Let me show an example on how this works:

key = 0xF0F0F0F0
a = 0xFFFF0000
b = 0x0000FFFF

a' = 0xF0F0F0F0 + ( 0x0F0F0F0F & 0x0000FFFF  | 0xF0F0F0F0 & 0xFFFF0000)
b' = 0xF0F0F0F0 + ( 0xF0F0F0F0 & 0x0000FFFF  | 0x0F0F0F0F & 0xFFFF0000)

a' = 0xF0F0F0F0 + ( 0x00000F0F | 0xF0F00000)
b' = 0xF0F0F0F0 + ( 0x0000F0F0 | 0x0F0F0000)

a' = 0xF0F0F0F0 + 0xF0F00F0F = 0xE1E0FFFF
b' = 0xF0F0F0F0 + 0x0F0FF0F0 = 0x0000E1E0

Ok this explains by my XOR tricks didn't work out. Its much more like the RC5 algorithm as it uses addition for encryption and as we'll see subtraction for decryption.
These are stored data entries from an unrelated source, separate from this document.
lemma efficiency_le_at_slope_root:
  assumes gamma: "0 < gamma" "gamma < 1 / k" "efficiency_slope k f f' gamma = 0"
    and b: "0 < b" "b < 1 / k" "efficiency_slope k f f' b < 0"
  shows "efficiency k f b \<le> efficiency k f gamma"
proof -
  have "x0 < gamma"
    using efficiency_slope_pos_below_x0[of gamma] gamma by force
  moreover have "x0 < b"
    using efficiency_slope_pos_below_x0[of b] b by force
  ultimately have "gamma < b"
    using efficiency_slope_strict_antimono[of b gamma] gamma b
    by (metis less_eq_real_def linorder_not_less not_less_iff_gr_or_eq)
  have "efficiency k f b < efficiency k f gamma"
  proof (rule DERIV_neg_imp_decreasing_open[OF \<open>gamma < b\<close> _ efficiency_continuous])
    fix x assume x: "gamma < x" "x < b"
    then have "efficiency_slope k f f' x < 0"
      using efficiency_slope_strict_antimono[of gamma x] \<open>x0 < gamma\<close> gamma b by simp
    moreover have "0 < x" using x gamma by simp
    ultimately have "efficiency_slope k f f' x / x\<^sup>2 < 0"
      by (simp add: divide_neg_pos)
    then show "\<exists>y. (efficiency k f has_real_derivative y) (at x) \<and> y < 0"
      using efficiency_has_derivative derivs x gamma
      by (metis less_numeral_extra(3) order_less_trans)
  qed (use gamma in auto)
  then show ?thesis by simp
qed

end

lemma sigmoidal_tendsto_0_at_right:
  assumes "sigmoidal f f' f''"
  shows "(f \<longlongrightarrow> 0) (at_right 0)"
proof -
  have "f 0 = 0" "\<forall>x\<in>{0..}. (f \<longlongrightarrow> f x) (at x within {0..})"
    using assms unfolding sigmoidal_def continuous_on_def by auto
  then have "(f \<longlongrightarrow> 0) (at 0 within {0..})"
    by (metis atLeast_iff order_refl)
  then have "(f \<longlongrightarrow> 0) (at 0 within {0<..})"
    by (rule tendsto_within_subset) auto
  then show ?thesis by simp
qed
(* Let $q\in L_1[0,\pi]$ with $C_0=0$ and suppose $q\in E$, i.e. $C_n=O(1/n)$ as $n\to\infty$. Then $S_1(n,q)=O(n^{-2})$ as $n\to\infty$, where \[ S_1(n,q)=\sum_{\substack{k,l\in\mathbb{Z}\\ k,\,k+l\neq0,-2n}}\frac{C_kC_lC_{-k-l}}{k(k+l)} . \]
   Context: $q$ is a complex-valued summable function on $[0,\pi]$; $C_k=\frac{1}{\pi}\int_0^\pi q(x)\cos kx\,dx$ for $k\in\mathbb{Z}$ (so $C_{-k}=C_k$), and it is assumed that $C_0=0$. $E$ is the set of such $q$ with $C_n=O(1/n)$ as $n\to\infty$. $n$ is a positive integer. *)

theory Defs
  imports "HOL-Analysis.Analysis" "HOL-Library.Landau_Symbols"
begin

definition cosC :: "(real \<Rightarrow> complex) \<Rightarrow> int \<Rightarrow> complex" where
  "cosC q k = complex_of_real (1 / pi) *
     integral {0..pi} (\<lambda>x. q x * complex_of_real (cos (real_of_int k * x)))"

definition S1_index :: "nat \<Rightarrow> (int \<times> int) set" where
  "S1_index n = {(k, l). k \<noteq> 0 \<and> k \<noteq> - 2 * int n \<and> k + l \<noteq> 0 \<and> k + l \<noteq> - 2 * int n}"

definition S1_term :: "(real \<Rightarrow> complex) \<Rightarrow> int \<times> int \<Rightarrow> complex" where
  "S1_term q kl = (case kl of (k, l) \<Rightarrow>
     cosC q k * cosC q l * cosC q (- k - l) / (of_int k * of_int (k + l)))"

definition S1 :: "(real \<Rightarrow> complex) \<Rightarrow> nat \<Rightarrow> complex" where
  "S1 q n = infsum (S1_term q) (S1_index n)"

end

theory Submission
  imports Defs
begin

(* Substituting m = k + l, the summand becomes T(k, m) = C_k C_(m-k) C_m / (k m). Over all
   integer pairs the double sum converges absolutely, because |C_k| <= M / |k| gives
   |T(k, m)| <= M^3 / (k^2 m^2), and it vanishes: the rotation (k, m) |-> (m - k, -k) has order
   three, preserves the product of the coefficients since C is even, and
   1/(k m) + 1/((m - k)(-k)) + 1/((-m)(k - m)) = 0. The sum S1(n, q) omits exactly the row
   k = -2n and the column m = -2n, and each of these sums to O(M^3 / n^2). *)

lemma bigo_inverse_imp_bound:
  fixes f :: "nat \<Rightarrow> real"
  assumes "f \<in> O(\<lambda>n. 1 / real n)"
  obtains M where "\<And>n. n > 0 \<Longrightarrow> \<bar>f n\<bar> \<le> M / real n"
proof -
  obtain c N where "c > 0" and tail: "\<And>n. n \<ge> N \<Longrightarrow> \<bar>f n\<bar> \<le> c / real n"
    using assms by (elim landau_o.bigE) (auto simp: eventually_at_top_linorder)
  define M where "M = c + (\<Sum>i<N. real i * \<bar>f i\<bar>)"
  have head: "(\<Sum>i<N. real i * \<bar>f i\<bar>) \<ge> 0"
    by (intro sum_nonneg) simp
  have "\<bar>f n\<bar> \<le> M / real n" if "n > 0" for n
  proof (cases "n \<ge> N")
    case True
    have "c / real n \<le> M / real n"
      using head by (intro divide_right_mono) (auto simp: M_def)
    with tail[OF True] show ?thesis by linarith
  next
    case False
    then have "real n * \<bar>f n\<bar> \<le> (\<Sum>i<N. real i * \<bar>f i\<bar>)"
      by (intro member_le_sum) auto
    with \<open>c > 0\<close> \<open>n > 0\<close> show ?thesis
      by (simp add: M_def field_simps)
  qed
  then show ?thesis by (rule that)
qed

lemma summable_on_UNIV_intI:
  fixes f :: "int \<Rightarrow> 'a::banach"
  assumes "(\<lambda>n. f (int n)) summable_on UNIV" and "(\<lambda>n. f (- int n)) summable_on UNIV"
  shows "f summable_on UNIV"
proof -
  have "f summable_on range int" and "f summable_on range (\<lambda>n. - int n)"
    using assms by (subst summable_on_reindex; force simp: inj_on_def o_def)+
  then have "f summable_on (range int \<union> (range (\<lambda>n. - int n) - range int))"
    by (intro summable_on_Un_disjoint) (auto intro: summable_on_subset_banach)
  also have "range int \<union> (range (\<lambda>n. - int n) - range int) = UNIV"
    by (auto intro: int_cases2)
  finally show ?thesis .
qed

definition inverse_square :: "int \<Rightarrow> real" where
  "inverse_square k = 1 / real_of_int k ^ 2"

lemma inverse_square_nonneg: "inverse_square k \<ge> 0"
  by (simp add: inverse_square_def)

lemma inverse_square_summable: "inverse_square summable_on UNIV"
proof -
  have "(\<lambda>n::nat. 1 / real n ^ 2) summable_on UNIV"
    using inverse_power_summable[of 2, where 'a = real]
    by (subst summable_on_UNIV_nonneg_real_iff) (auto simp: divide_inverse)
  then show ?thesis
    by (intro summable_on_UNIV_intI) (simp_all add: inverse_square_def)
qed

lemma summable_on_times_nonneg:
  fixes u :: "'a \<Rightarrow> real" and v :: "'b \<Rightarrow> real"
  assumes "u summable_on A" and "v summable_on B"
    and "\<And>x. x \<in> A \<Longrightarrow> u x \<ge> 0" and "\<And>y. y \<in> B \<Longrightarrow> v y \<ge> 0"
  shows "(\<lambda>(x, y). u x * v y) summable_on A \<times> B"
proof (rule summable_on_SigmaI[where g = "\<lambda>x. u x * infsum v B"])
  show "((\<lambda>y. case (x, y) of (x, y) \<Rightarrow> u x * v y) has_sum u x * infsum v B) B" for x
    using has_sum_cmult_right[OF has_sum_infsum[OF assms(2)]] by simp
  show "(\<lambda>x. u x * infsum v B) summable_on A"
    using summable_on_cmult_left[OF assms(1)] by simp
qed (use assms in auto)

lemma norm_infsum_row_le:
  fixes F :: "int \<times> int \<Rightarrow> 'a::banach"
  assumes "\<And>k m. norm (F (k, m)) \<le> C * (inverse_square k * inverse_square m)"
  shows "norm (\<Sum>\<^sub>\<infinity>m. F (j, m)) \<le> C * inverse_square j * (\<Sum>\<^sub>\<infinity>k. inverse_square k)"
proof (rule norm_infsum_le)
  have bound_summable: "(\<lambda>m. C * inverse_square j * inverse_square m) summable_on UNIV"
    by (intro summable_on_cmult_right inverse_square_summable)
  show "((\<lambda>m. C * inverse_square j * inverse_square m)
          has_sum C * inverse_square j * (\<Sum>\<^sub>\<infinity>k. inverse_square k)) UNIV"
    by (intro has_sum_cmult_right has_sum_infsum inverse_square_summable)
  have "(\<lambda>m. norm (F (j, m))) summable_on UNIV"
    using assms by (intro Infinite_Sum.abs_summable_on_comparison_test'[OF bound_summable])
      (simp add: mult.assoc)
  then show "((\<lambda>m. F (j, m)) has_sum (\<Sum>\<^sub>\<infinity>m. F (j, m))) UNIV"
    by (simp add: abs_summable_summable)
qed (use assms in \<open>simp add: mult.assoc\<close>)

lemma infsum_eq_0_if_orbit_sums_eq_0:
  fixes f :: "'a \<Rightarrow> 'b::real_normed_vector"
  assumes \<sigma>: "bij_betw \<sigma> A A" and summable: "f summable_on A"
    and orbit: "\<And>x. x \<in> A \<Longrightarrow> f x + f (\<sigma> x) + f (\<sigma> (\<sigma> x)) = 0"
  shows "infsum f A = 0"
proof -
  have \<sigma>\<sigma>: "bij_betw (\<lambda>x. \<sigma> (\<sigma> x)) A A"
    using bij_betw_trans[OF \<sigma> \<sigma>] by (simp add: o_def)
  have "(\<lambda>x. f (\<sigma> x)) summable_on A" and "(\<lambda>x. f (\<sigma> (\<sigma> x))) summable_on A"
    using summable summable_on_reindex_bij_betw[OF \<sigma>] summable_on_reindex_bij_betw[OF \<sigma>\<sigma>] by auto
  then have "0 = infsum f A + infsum (\<lambda>x. f (\<sigma> x)) A + infsum (\<lambda>x. f (\<sigma> (\<sigma> x))) A"
    using summable orbit infsum_cong[of A "\<lambda>x. f x + f (\<sigma> x) + f (\<sigma> (\<sigma> x))" "\<lambda>_. 0"]
    by (simp add: infsum_add summable_on_add)
  also have "\<dots> = 3 *\<^sub>R infsum f A"
    unfolding infsum_reindex_bij_betw[OF \<sigma>] infsum_reindex_bij_betw[OF \<sigma>\<sigma>]
    by (simp add: scaleR_add_left[of 2 1, simplified] scaleR_2)
  finally show ?thesis by simp
qed

(* Terms with k = 0 or m = 0 vanish because x / 0 = 0, so sums may range over all pairs. *)
definition triple_term :: "(int \<Rightarrow> 'a::field) \<Rightarrow> int \<times> int \<Rightarrow> 'a" where
  "triple_term a = (\<lambda>(k, m). a k * a (m - k) * a m / (of_int k * of_int m))"

locale even_inverse_bounded =
  fixes a :: "int \<Rightarrow> 'a::{real_normed_field, banach}" and M :: real
  assumes even: "a (- k) = a k"
    and zero: "a 0 = 0"
    and bound: "k \<noteq> 0 \<Longrightarrow> norm (a k) \<le> M / \<bar>of_int k\<bar>"
begin

lemma M_nonneg: "M \<ge> 0"
  using bound[of 1] norm_ge_zero[of "a 1"] by linarith

lemma norm_le: "norm (a k) \<le> M"
proof (cases "k = 0")
  case False
  then have abs_ge_1: "1 \<le> \<bar>real_of_int k\<bar>"
    by linarith
  have "M / \<bar>of_int k\<bar> \<le> M"
    using mult_left_mono[OF abs_ge_1 M_nonneg] abs_ge_1 by (simp add: divide_le_eq)
  with bound[OF False] show ?thesis by linarith
qed (simp add: zero M_nonneg)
Step 3 : Decrypting a block

Decrypting is done in reverse order than encrypting, so the index starts at 0x0F and ends at 0x00 as it has to produce the bit distribution in exact the reverse order. The algorithm is as follows:

a' = ( key & (a - key)) | (!key & (b - key))
b' = (!key & (a - key)) | ( key & (b - key))

Yes, that is exactly the opposite of the encryption. As it should be of course.

The example below takes the results from the previous encryption example and reverses the process:

key = 0xF0F0F0F0
a = 0xE1E0FFFF
b = 0x0000E1E0

a - key = 0xF0F00F0F
b - key = 0x0F0FF0F0

a' = 0xF0F0F0F0 & 0xF0F00F0F | 0x0F0F0F0F & 0x0F0FF0F0 
b' = 0x0F0F0F0F & 0xF0F00F0F | 0xF0F0F0F0 & 0x0F0FF0F0

a' = 0xF0F00000 | 0x0F0F0000 = 0xFFFF0000 
b' = 0x00000F0F | 0x0000F0F0 = 0x0000FFFF

And the original values are back!

This is how the encrypting and decrypting works for a single key entry. This process is repeated for all 16 key words. Forwards for encrypting and backwards for decrypting as the same block words need to be selected for the process to be reversible.

Conclusion

The TPS encryption algorithm is remarkably elegant and fast to run while it provides good enough encryption to stop most amateurs. I have implemented the algorithm in my tps-parse library and tps-to-csv tool so that they now support the encrypted files as well. You still have to know the password of course!